Мышинные пДК определяются как B220+CD11c+ клетки, непрерывно продуцируются в костном мозге и становятся зрелыми на периферии, где они имеют относительно короткую продолжительность жизни. Плазмоцитоидные ДК строго зависят в своем развитии от Fms-подобного лиганда тирозинкиназы 3 (Flt3-L), который стимулирует цитокиновый рецептор Flt3 (CD135) и запускает пролиферацию пДК [Reizis, В. Plasmacytoid dendritic cells: development, regulation, and function. Reizis В., Immunity. 2019 50: 37-50.]. Молекулы хемокинового рецептора CCR9 экспрессируют в основном пДК находящиеся на периферии, в костном мозге этот маркер идентифицирует подгруппы пДК, которые различаются по степени созревания и их способности продуцировать интерферон 1 типа или провоспалительные цитокины. Клетки, неэкспрессирующие CCR9 (CCR9-), являются пДК-подобными общими предшественниками ДК, тогда как CCR9-экспрессирующие (CCR9+) клетки являются полностью дифференцированными пДК [Swiecki, М. &Colonna, М. The multifaceted biology of plasmacytoid dendritic cells. Nat. Rev. Immunol. 2015 15: 471-485.]. CCR9+ пДК составляют значительную часть компартмента пДК в покоящихся вторичных лимфоидных тканях; кроме того, они значительно более эффективны, чем CCR9- пДК, в индукции регуляторных Т-клеток и ингибируют антиген-специфические иммунные ответы как in vitro, так и in vivo. Известно, что CCR9+ пДК эффективно предотвращают острую реакцию трансплантат против хозяина (РТПХ), обеспечивая долгосрочное подавление РТПХ в модели аллогенного переноса Т-клеток [Graft-versus-host disease prevents the maturation of plasmacytoid dendritic cells. Banovic T. et all, J Immunol. 2009. 182(2):912-20. CCR9 expression defines tolerogenic plasmacytoid dendritic cells able to suppress acute graft-versus-host disease. Hadeiba H. et all, Nat. Immunol. 2008. 9:1253-60.].

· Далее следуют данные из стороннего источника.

lemma rect_diag_mat_carrier [simp]: "rect_diag_mat r c f \<in> carrier_mat r c"
  and dim_row_rect_diag_mat [simp]: "dim_row (rect_diag_mat r c f) = r"
  and dim_col_rect_diag_mat [simp]: "dim_col (rect_diag_mat r c f) = c"
  by (simp_all add: rect_diag_mat_def)

lemma transpose_rect_diag_mat [simp]: "transpose_mat (rect_diag_mat r c f) = rect_diag_mat c r f"
  by (rule eq_matI) (auto simp: rect_diag_mat_def)

lemma rect_diag_mat_cong:
  "(\<And>i. i < r \<Longrightarrow> i < c \<Longrightarrow> f i = g i) \<Longrightarrow> rect_diag_mat r c f = rect_diag_mat r c g"
  by (rule eq_matI) (auto simp: rect_diag_mat_def)

lemma rect_diag_mat_zero: "rect_diag_mat r c (\<lambda>_. 0) = 0\<^sub>m r c"
  by (rule eq_matI) (auto simp: rect_diag_mat_def)

lemma rect_diag_mat_diff:
  fixes f g :: "nat \<Rightarrow> 'a :: group_add"
  shows "rect_diag_mat r c f - rect_diag_mat r c g = rect_diag_mat r c (\<lambda>i. f i - g i)"
  by (rule eq_matI) (auto simp: rect_diag_mat_def)

lemma rect_diag_mat_mult:
  fixes f g :: "nat \<Rightarrow> 'a :: semiring_0"
  shows "rect_diag_mat a b f * rect_diag_mat b c g = rect_diag_mat a c (\<lambda>i. if i < b then f i * g i else 0)"
proof (rule eq_matI)
  fix i j assume i: "i < dim_row (rect_diag_mat a c (\<lambda>i. if i < b then f i * g i else 0))"
    and j: "j < dim_col (rect_diag_mat a c (\<lambda>i. if i < b then f i * g i else 0))"
  have "(rect_diag_mat a b f * rect_diag_mat b c g) $$ (i, j) =
      (\<Sum>l\<in>{0..<b}. (if i = l then f i else 0) * (if l = j then g l else 0))"
    using i j by (simp add: rect_diag_mat_def scalar_prod_def)
  also have "\<dots> = (\<Sum>l\<in>{0..<b}. if l = i then (if i = j then f i * g i else 0) else 0)"
    by (rule sum.cong) auto
  finally show "(rect_diag_mat a b f * rect_diag_mat b c g) $$ (i, j) =
      rect_diag_mat a c (\<lambda>i. if i < b then f i * g i else 0) $$ (i, j)"
    using i j by (simp add: rect_diag_mat_def)
qed auto

text \<open>No case split on zero entries is needed, since \<open>inverse 0 = 0\<close>.\<close>

lemma is_pinv_rect_diag_mat:
  "is_pinv (rect_diag_mat r c d) (rect_diag_mat c r (\<lambda>i. inverse (d i)))"
  unfolding is_pinv_def
  by (auto simp: rect_diag_mat_mult intro!: rect_diag_mat_cong) (metis right_inverse, metis left_inverse)

lemma orthogonal_matD:
  assumes "orthogonal_mat k V"
  shows "dim_row V = k" "dim_col V = k" "transpose_mat V * V = 1\<^sub>m k"
  using assms by (auto simp: orthogonal_mat_def)

lemma orthogonal_mat_carrier: "orthogonal_mat k V \<Longrightarrow> V \<in> carrier_mat k k"
  by (simp add: orthogonal_mat_def)

lemma orthogonal_mat_cancel_left:
  assumes "orthogonal_mat k V" and "dim_row X = k"
  shows "transpose_mat V * (V * X) = X"
proof -
  note V = orthogonal_matD[OF assms(1)]
  have "transpose_mat V * (V * X) = (transpose_mat V * V) * X"
    using V(1,2) assms(2) by (intro assoc_mult_mat_dims[symmetric]) simp_all
  also have "\<dots> = X"
    unfolding V(3) using assms(2) by (rule left_mult_one_mat[OF carrier_matI]) simp_all
  finally show ?thesis .
qed

lemma orthogonal_conj_mult:
  assumes V: "orthogonal_mat k V" and A: "A \<in> carrier_mat k k" and B: "B \<in> carrier_mat k k"
  shows "V * A * transpose_mat V * (V * B * transpose_mat V) = V * (A * B) * transpose_mat V"
  using carrier_matD[OF A] carrier_matD[OF B] orthogonal_matD[OF V]
  by (simp add: assoc_mult_mat_dims orthogonal_mat_cancel_left[OF V])

lemma orthogonal_conj_transpose:
  assumes "orthogonal_mat k V" and "A \<in> carrier_mat k k"
  shows "transpose_mat (V * A * transpose_mat V) = V * transpose_mat A * transpose_mat V"
  using carrier_matD[OF assms(2)] orthogonal_matD[OF assms(1)]
  by (simp add: assoc_mult_mat_dims transpose_mult_dims)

В работе Hadeiba H. и др. «CCR9 экспрессия определяет толерогенные плазмоцитоидные дендритные клетки способные подавлять острую реакцию трансплантат против хозяина» показано, что пДК участвуют в поддержании центральной толерантности, за счет миграции в тимус с помощью оси хемотаксиса CCR9/CCL25 и последующего представления собственных антигенов при делеции аутоспецифичных тимоцитов [CCR9 expression defines tolerogenic plasmacytoid dendritic cells able to suppress acute graft-versus-host disease. Hadeiba H. et all, Nat. Immunol. 2008. 9:1253-60.].
Таким образом показано, что индукция центральной толерантности, напрямую зависит от экспрессии CCR9 на пДК, т.к. они являются главными клетками лимфоидного происхождения, которые транспортирует аутоантигены в тимус, для непосредственного участия в механизме негативной селекции аутоспецифичных тимоцитов.
Ряд способов усиления миграции ДК описан в зарубежных патентах и статьях.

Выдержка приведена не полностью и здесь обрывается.